А в далеком 1973-м в нашем доме появится украденный из типографии, непереплетенный блок томика Мандельштама из «Библиотеки поэта». В Горьком эту книжку достать было практически невозможно, и когда мама оказалась в очередной командировке в Ленинграде, она отправилась на знаменитую «в узких кругах» книжную барахолку, располагавшуюся в потайном глухом дворе Литейного проспекта. Прислушавшись к ее осторожному бормотанию «Куплю Мандельштама, куплю Мандельштама…», подошел молодой человек, сунул в обмен на протянутые 60 рублей (половину тогдашней средней зарплаты) бумажный сверток и предупредил: «Не разворачивайте!» Видимо, мать не сумела скрыть своей растерянности, потому что «продавец» улыбнулся и добавил: «Здесь есть спекулянты, но жуликов здесь нет». Зайдя в парикмахерскую и усевшись под феном, мама трясущимися руками развернула газетную обертку – под ней был Мандельштам.
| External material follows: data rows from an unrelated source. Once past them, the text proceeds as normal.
(* Let $\mathbb{L}^2$ be as described in the context. Every non-constant geodesic of $\mathbb{L}^2$ has, modulo reparametrization, one of the following forms, for some $\alpha,\beta\in\mathbb{R}$, $c>0$ and choice of sign $\pm$: (1) $\sigma(t)=(e^t,\alpha)$ for $-\infty<t<\infty$; this geodesic is complete. (2) $\sigma(t)=(t^{-1},\pm t^{-1}+\alpha)$ for $0<t<\infty$; this geodesic is incomplete at one end and complete at the other end. (3) $\sigma(t)=\left(\frac{1}{c\sinh(t)},\pm\frac{\coth(t)}{c}+\beta\right)$ for $t\in(0,\infty)$. This tends asymptotically to the line $x^1=0$ as $t\to\infty$ and escapes to the right ($x^1\to\infty$) as $t\to0$. These geodesics are incomplete at one end and complete at the other; they all have infinite (and negative) length. (4) $\sigma(t)=\left(\frac{1}{c\sin(t)},\pm\frac{\cot(t)}{c}+\beta\right)$ for $t\in(0,\pi)$. These escape upwards and to the right as $t\to0$ and downwards and to the right as $t\to\pi$; such a geodesic is incomplete at both ends and has total length $\pi$. (5) The geodesics in (3) and (4) solve an equation of the form $(x^1)^2-\frac{\lambda}{c^2}=(x^2+\beta)^2$ (for suitable $\beta\in\mathbb{R}$) and are hyperbolas; here $\lambda=+1$ for the "vertical" geodesics of (4), $\lambda=-1$ for the "horizontal" geodesics of (3), while $\lambda=0$ corresponds to the null geodesics.
   Context: $\mathbb{L}^2$ is $\mathbb{R}^+\times\mathbb{R}=\{(x^1,x^2):x^1>0\}$ with the torsion free connection whose nonzero Christoffel symbols (with $\nabla_{\partial_{x^i}}\partial_{x^j}=\Gamma_{ij}{}^k\partial_{x^k}$) are $\Gamma_{11}{}^1=-\frac1{x^1}$, $\Gamma_{12}{}^2=\Gamma_{21}{}^2=-\frac1{x^1}$, $\Gamma_{22}{}^1=-\frac1{x^1}$. This is the Levi--Civita connection of the Lorentzian metric $g=(x^1)^{-2}\operatorname{diag}(-1,1)$ (its symmetric Ricci tensor), and lengths are measured with respect to $g$. A geodesic is complete at an end if it is defined for all parameter values in that direction. *)

theory Defs
  imports "HOL-Analysis.Analysis"
begin

definition L2 :: "(real \<times> real) set" where
  "L2 = {p. fst p > 0}"

definition coord :: "real \<times> real \<Rightarrow> nat \<Rightarrow> real" where
  "coord p i = (if i = 1 then fst p else snd p)"

definition Chr :: "nat \<Rightarrow> nat \<Rightarrow> nat \<Rightarrow> real \<times> real \<Rightarrow> real" where
  "Chr i j k p =
     (if (i, j, k) \<in> {(1,1,1), (1,2,2), (2,1,2), (2,2,1)} then - 1 / fst p else 0)"

definition geodesic_eq :: "real \<times> real \<Rightarrow> real \<times> real \<Rightarrow> real \<times> real \<Rightarrow> bool" where
  "geodesic_eq p v a \<longleftrightarrow>
     (\<forall>k\<in>{1,2}. coord a k + (\<Sum>i\<in>{1,2}. \<Sum>j\<in>{1,2}. Chr i j k p * coord v i * coord v j) = 0)"

definition is_geodesic :: "real set \<Rightarrow> (real \<Rightarrow> real \<times> real) \<Rightarrow> bool" where
  "is_geodesic I \<gamma> \<longleftrightarrow> open I \<and> is_interval I \<and> I \<noteq> {} \<and> (\<forall>t\<in>I. \<gamma> t \<in> L2) \<and>
     (\<exists>\<gamma>' \<gamma>''. \<forall>t\<in>I. (\<gamma> has_vector_derivative \<gamma>' t) (at t) \<and>
                     (\<gamma>' has_vector_derivative \<gamma>'' t) (at t) \<and>
                     geodesic_eq (\<gamma> t) (\<gamma>' t) (\<gamma>'' t))"

definition maximal_geodesic :: "real set \<Rightarrow> (real \<Rightarrow> real \<times> real) \<Rightarrow> bool" where
  "maximal_geodesic I \<sigma> \<longleftrightarrow> is_geodesic I \<sigma> \<and>
     (\<forall>J \<gamma>. is_geodesic J \<gamma> \<and> I \<subseteq> J \<and> (\<forall>t\<in>I. \<gamma> t = \<sigma> t) \<longrightarrow> J = I)"

definition complete_at_top :: "real set \<Rightarrow> bool" where
  "complete_at_top I \<longleftrightarrow> (\<forall>T. \<exists>t\<in>I. t \<ge> T)"

definition complete_at_bot :: "real set \<Rightarrow> bool" where
  "complete_at_bot I \<longleftrightarrow> (\<forall>T. \<exists>t\<in>I. t \<le> T)"

definition metric_g :: "real \<times> real \<Rightarrow> real \<times> real \<Rightarrow> real \<times> real \<Rightarrow> real" where
  "metric_g p v w = (- fst v * fst w + snd v * snd w) / (fst p)\<^sup>2"

definition len_density :: "(real \<Rightarrow> real \<times> real) \<Rightarrow> real \<Rightarrow> real" where
  "len_density \<sigma> t =
     (let q = metric_g (\<sigma> t) (vector_derivative \<sigma> (at t)) (vector_derivative \<sigma> (at t))
      in sgn q * sqrt \<bar>q\<bar>)"

definition sigma1 :: "real \<Rightarrow> real \<Rightarrow> real \<times> real" where
  "sigma1 \<alpha> t = (exp t, \<alpha>)"

definition sigma2 :: "real \<Rightarrow> real \<Rightarrow> real \<Rightarrow> real \<times> real" where
  "sigma2 s \<alpha> t = (1 / t, s / t + \<alpha>)"

definition sigma3 :: "real \<Rightarrow> real \<Rightarrow> real \<Rightarrow> real \<Rightarrow> real \<times> real" where
  "sigma3 s c \<beta> t = (1 / (c * sinh t), s * (cosh t / sinh t) / c + \<beta>)"

definition sigma4 :: "real \<Rightarrow> real \<Rightarrow> real \<Rightarrow> real \<Rightarrow> real \<times> real" where
  "sigma4 s c \<beta> t = (1 / (c * sin t), s * cot t / c + \<beta>)"

end

theory Submission
  imports Defs "HOL-Real_Asymp.Real_Asymp"
begin

(*
  Write a geodesic as t \<mapsto> (x, y) with x = x^1 > 0. The momentum K = y'/x^2 = g(v, d/dy) of
  the Killing field d/dy and the energy E = (y'^2 - x'^2)/x^2 = g(v, v) are conserved. If K = 0,
  then y is constant and x'' = x'^2/x, so x is an exponential. If K \<noteq> 0, the reciprocal
  u = 1/x solves the harmonic oscillator u'' = -E u with u'^2 + E u^2 = K^2, so u is affine
  (E = 0), a multiple of sinh (E < 0) or of sin (E > 0), and since (u'/u)' = -K^2/u^2 we get
  y = \<beta> - u'/(K u). Conversely each such curve solves the
  geodesic equations, has energy E and lies on the conic x^2 - E/K^2 = (y - \<beta>)^2, and it is
  maximal because x blows up at every finite end of its interval.
*)

lemma DERIV_zero_imp_constant_on:
  fixes f :: "real \<Rightarrow> real"
  assumes "convex I" "t0 \<in> I" "\<And>t. t \<in> I \<Longrightarrow> (f has_real_derivative 0) (at t)"
  shows "\<forall>t\<in>I. f t = f t0"
proof -
  obtain c where "\<forall>t\<in>I. f t = c"
    using has_field_derivative_zero_constant[OF assms(1)] assms(3)
    by (meson has_field_derivative_at_within)
  thus ?thesis using assms(2) by auto
qed

lemma harmonic_ode_zero_unique:
  fixes w w' :: "real \<Rightarrow> real"
  assumes I: "convex I" "t0 \<in> I"
    and ode: "\<And>t. t \<in> I \<Longrightarrow>
      (w has_real_derivative w' t) (at t) \<and> (w' has_real_derivative - E * w t) (at t)"
    and init: "w t0 = 0" "w' t0 = 0"
  shows "\<forall>t\<in>I. w t = 0 \<and> w' t = 0"
proof (cases E "0 :: real" rule: linorder_cases)
  case greater
  have "\<forall>t\<in>I. (w' t)\<^sup>2 + E * (w t)\<^sup>2 = (w' t0)\<^sup>2 + E * (w t0)\<^sup>2"
  proof (rule DERIV_zero_imp_constant_on[OF I])
    fix t assume "t \<in> I"
    with ode[of t] show "((\<lambda>t. (w' t)\<^sup>2 + E * (w t)\<^sup>2) has_real_derivative 0) (at t)"
      by (auto intro!: derivative_eq_intros simp: algebra_simps)
  qed
  with init greater show ?thesis by (auto simp: add_nonneg_eq_0_iff)
next
  case equal
  have "\<forall>t\<in>I. w' t = w' t0"
    by (rule DERIV_zero_imp_constant_on[OF I]) (use ode equal in auto)
  moreover from this have "\<forall>t\<in>I. w t = w t0"
    by (intro DERIV_zero_imp_constant_on[OF I]) (use ode init in auto)
  ultimately show ?thesis using init by auto
next
  case less
  define \<mu> where "\<mu> = sqrt (- E)"
  have E: "E = - \<mu>\<^sup>2" using less by (simp add: \<mu>_def)
  \<comment> \<open>\<open>w' - \<mu> w\<close> solves \<open>f' = - \<mu> f\<close>, hence vanishes; then \<open>w\<close> solves \<open>w' = \<mu> w\<close>\<close>
  have "\<forall>t\<in>I. (w' t - \<mu> * w t) * exp (\<mu> * t) = (w' t0 - \<mu> * w t0) * exp (\<mu> * t0)"
  proof (rule DERIV_zero_imp_constant_on[OF I])
    fix t assume "t \<in> I"
    with ode[of t] show "((\<lambda>t. (w' t - \<mu> * w t) * exp (\<mu> * t)) has_real_derivative 0) (at t)"
      by (auto intro!: derivative_eq_intros simp: algebra_simps E power2_eq_square)
  qed
  hence w'_eq: "\<forall>t\<in>I. w' t = \<mu> * w t" using init by auto
  have "\<forall>t\<in>I. w t * exp (- \<mu> * t) = w t0 * exp (- \<mu> * t0)"
  proof (rule DERIV_zero_imp_constant_on[OF I])
    fix t assume "t \<in> I"
    with ode[of t] w'_eq show "((\<lambda>t. w t * exp (- \<mu> * t)) has_real_derivative 0) (at t)"
      by (auto intro!: derivative_eq_intros simp: algebra_simps)
  qed
  with w'_eq init show ?thesis by auto
qed

lemma harmonic_ode_unique:
  fixes u u' v v' :: "real \<Rightarrow> real"
  assumes I: "convex I" "t0 \<in> I"
    and "\<And>t. t \<in> I \<Longrightarrow> (u has_real_derivative u' t) (at t) \<and> (u' has_real_derivative - E * u t) (at t)"
    and "\<And>t. t \<in> I \<Longrightarrow> (v has_real_derivative v' t) (at t) \<and> (v' has_real_derivative - E * v t) (at t)"
    and "u t0 = v t0" "u' t0 = v' t0"
  shows "\<forall>t\<in>I. u t = v t \<and> u' t = v' t"
proof -
  have "((\<lambda>t. u t - v t) has_real_derivative u' t - v' t) (at t) \<and>
        ((\<lambda>t. u' t - v' t) has_real_derivative - E * (u t - v t)) (at t)" if "t \<in> I" for t
    using assms(3,4)[OF that] by (auto intro!: derivative_eq_intros simp: algebra_simps)
  from harmonic_ode_zero_unique[OF I this] assms(5,6) show ?thesis by auto
qed

lemma geodesic_eq_iff:
  "geodesic_eq p v a \<longleftrightarrow>
     fst a = ((fst v)\<^sup>2 + (snd v)\<^sup>2) / fst p \<and> snd a = 2 * fst v * snd v / fst p"
  unfolding geodesic_eq_def coord_def Chr_def
  by (auto simp: power2_eq_square field_simps add_divide_distrib)

definition geodesic_ode ::
    "real set \<Rightarrow> (real \<Rightarrow> real) \<Rightarrow> (real \<Rightarrow> real) \<Rightarrow> (real \<Rightarrow> real) \<Rightarrow> (real \<Rightarrow> real) \<Rightarrow> bool" where
  "geodesic_ode I x y p q \<longleftrightarrow> (\<forall>t\<in>I. x t > 0 \<and>
     (x has_real_derivative p t) (at t) \<and> (y has_real_derivative q t) (at t) \<and>
     (p has_real_derivative ((p t)\<^sup>2 + (q t)\<^sup>2) / x t) (at t) \<and>
     (q has_real_derivative 2 * p t * q t / x t) (at t))"

lemma is_geodesic_iff_geodesic_ode:
  "is_geodesic I \<gamma> \<longleftrightarrow> open I \<and> is_interval I \<and> I \<noteq> {} \<and>
     (\<exists>p q. geodesic_ode I (\<lambda>t. fst (\<gamma> t)) (\<lambda>t. snd (\<gamma> t)) p q)"
proof
  assume "is_geodesic I \<gamma>"
  then obtain \<gamma>' \<gamma>'' where I: "open I" "is_interval I" "I \<noteq> {}" and L2: "\<forall>t\<in>I. \<gamma> t \<in> L2"
    and d: "\<forall>t\<in>I. (\<gamma> has_vector_derivative \<gamma>' t) (at t) \<and> (\<gamma>' has_vector_derivative \<gamma>'' t) (at t) \<and>
                  geodesic_eq (\<gamma> t) (\<gamma>' t) (\<gamma>'' t)"
    unfolding is_geodesic_def by blast
  have "geodesic_ode I (\<lambda>t. fst (\<gamma> t)) (\<lambda>t. snd (\<gamma> t)) (\<lambda>t. fst (\<gamma>' t)) (\<lambda>t. snd (\<gamma>' t))"
    unfolding geodesic_ode_def
  proof
    fix t
    assume t: "t \<in> I"
    have "((\<lambda>t. fst (\<gamma> t)) has_vector_derivative fst (\<gamma>' t)) (at t)"
      "((\<lambda>t. snd (\<gamma> t)) has_vector_derivative snd (\<gamma>' t)) (at t)"
      "((\<lambda>t. fst (\<gamma>' t)) has_vector_derivative fst (\<gamma>'' t)) (at t)"
      "((\<lambda>t. snd (\<gamma>' t)) has_vector_derivative snd (\<gamma>'' t)) (at t)"
      using d t bounded_linear.has_vector_derivative[OF bounded_linear_fst]
        bounded_linear.has_vector_derivative[OF bounded_linear_snd] by blast+
    with d L2 t show "fst (\<gamma> t) > 0 \<and>
      ((\<lambda>t. fst (\<gamma> t)) has_real_derivative fst (\<gamma>' t)) (at t) \<and>
      ((\<lambda>t. snd (\<gamma> t)) has_real_derivative snd (\<gamma>' t)) (at t) \<and>
      ((\<lambda>t. fst (\<gamma>' t)) has_real_derivative ((fst (\<gamma>' t))\<^sup>2 + (snd (\<gamma>' t))\<^sup>2) / fst (\<gamma> t)) (at t) \<and>
      ((\<lambda>t. snd (\<gamma>' t)) has_real_derivative 2 * fst (\<gamma>' t) * snd (\<gamma>' t) / fst (\<gamma> t)) (at t)"
      by (auto simp: has_real_derivative_iff_has_vector_derivative geodesic_eq_iff L2_def)
  qed
  with I show "open I \<and> is_interval I \<and> I \<noteq> {} \<and>
     (\<exists>p q. geodesic_ode I (\<lambda>t. fst (\<gamma> t)) (\<lambda>t. snd (\<gamma> t)) p q)" by blast
next
  assume "open I \<and> is_interval I \<and> I \<noteq> {} \<and>
     (\<exists>p q. geodesic_ode I (\<lambda>t. fst (\<gamma> t)) (\<lambda>t. snd (\<gamma> t)) p q)"
  then obtain p q where I: "open I" "is_interval I" "I \<noteq> {}"
    and ode: "geodesic_ode I (\<lambda>t. fst (\<gamma> t)) (\<lambda>t. snd (\<gamma> t)) p q" by blast
  have derivs: "\<forall>t\<in>I. (\<gamma> has_vector_derivative (p t, q t)) (at t) \<and>
      ((\<lambda>t. (p t, q t)) has_vector_derivative
         (((p t)\<^sup>2 + (q t)\<^sup>2) / fst (\<gamma> t), 2 * p t * q t / fst (\<gamma> t))) (at t) \<and>
      geodesic_eq (\<gamma> t) (p t, q t) (((p t)\<^sup>2 + (q t)\<^sup>2) / fst (\<gamma> t), 2 * p t * q t / fst (\<gamma> t))"
  proof
    fix t assume "t \<in> I"
    with ode have "((\<lambda>t. fst (\<gamma> t)) has_vector_derivative p t) (at t)"
      "((\<lambda>t. snd (\<gamma> t)) has_vector_derivative q t) (at t)"
      "(p has_vector_derivative ((p t)\<^sup>2 + (q t)\<^sup>2) / fst (\<gamma> t)) (at t)"
      "(q has_vector_derivative 2 * p t * q t / fst (\<gamma> t)) (at t)"
      by (auto simp: geodesic_ode_def has_real_derivative_iff_has_vector_derivative)
    from has_vector_derivative_Pair[OF this(1,2)] has_vector_derivative_Pair[OF this(3,4)]
    show "(\<gamma> has_vector_derivative (p t, q t)) (at t) \<and>
      ((\<lambda>t. (p t, q t)) has_vector_derivative
         (((p t)\<^sup>2 + (q t)\<^sup>2) / fst (\<gamma> t), 2 * p t * q t / fst (\<gamma> t))) (at t) \<and>
      geodesic_eq (\<gamma> t) (p t, q t) (((p t)\<^sup>2 + (q t)\<^sup>2) / fst (\<gamma> t), 2 * p t * q t / fst (\<gamma> t))"
      by (simp add: geodesic_eq_iff)
  qed
  show "is_geodesic I \<gamma>"
    unfolding is_geodesic_def L2_def
    by (intro conjI I exI[of _ "\<lambda>t. (p t, q t)"]
        exI[of _ "\<lambda>t. (((p t)\<^sup>2 + (q t)\<^sup>2) / fst (\<gamma> t), 2 * p t * q t / fst (\<gamma> t))"])
       (use ode derivs in \<open>auto simp: geodesic_ode_def\<close>)
qed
Одним из весьма значимых для меня результатов гайдаровских реформ станет ликвидация вконец замучившего товарного дефицита – помимо позорных талонов на самое необходимое, в 6 утра я бежала занимать очередь за молоком для маленького сына. Даже в относительно благополучном 1980 году на пятом месяце беременности пришлось ехать за пеленками и прочим детским приданым в Ленинград: в Горьком в буквальном смысле не было ничего. После 1992 года меня не могло не радовать и как на дрожжах растущее книжное изобилие. Но вот исчезновение знаменитого советского книжного «черного рынка»… Господи, какие люди появлялись на книжных развалах в укромных городских уголках, какие знакомства завязывались, сколько раздавалось остроумных и глубокомысленных реплик, какие споры кипели над разложенными прямо на земле томиками! Достаточно сказать, что главную любовь своей жизни, отца моего единственного сына я встретила на книжной барахолке.
А книжные магазины! В советское время любой занюханный райцентр имел вполне приличную книжную «торговую точку». Поскольку в Горьком дефицитные издания исчезали с прилавков мгновенно (или вообще на них не появлялись), приходилось обшаривать магазины Ветлуги, Линды, Павлова – и сколько находок ждало меня там: от томика стихов Юлиана Тувима до Хулио Кортасара в серии «Мастера современной прозы». Розыски в букинистических отделах тоже приносили свои плоды, хотя редкими изданиями и вообще полиграфическими изысками я никогда не увлекалась – был бы текст, пригодный для чтения. Правда, увидев в домашней пушкиниане Г. В. Бедняева (нижегородского поэта и преподавателя с маминой кафедры) полного прижизненного «Онегина» 1833 года, я вздрогну и, спросив разрешения, благоговейно поглажу и даже понюхаю шероховатую обложку из плотной серой бумаги.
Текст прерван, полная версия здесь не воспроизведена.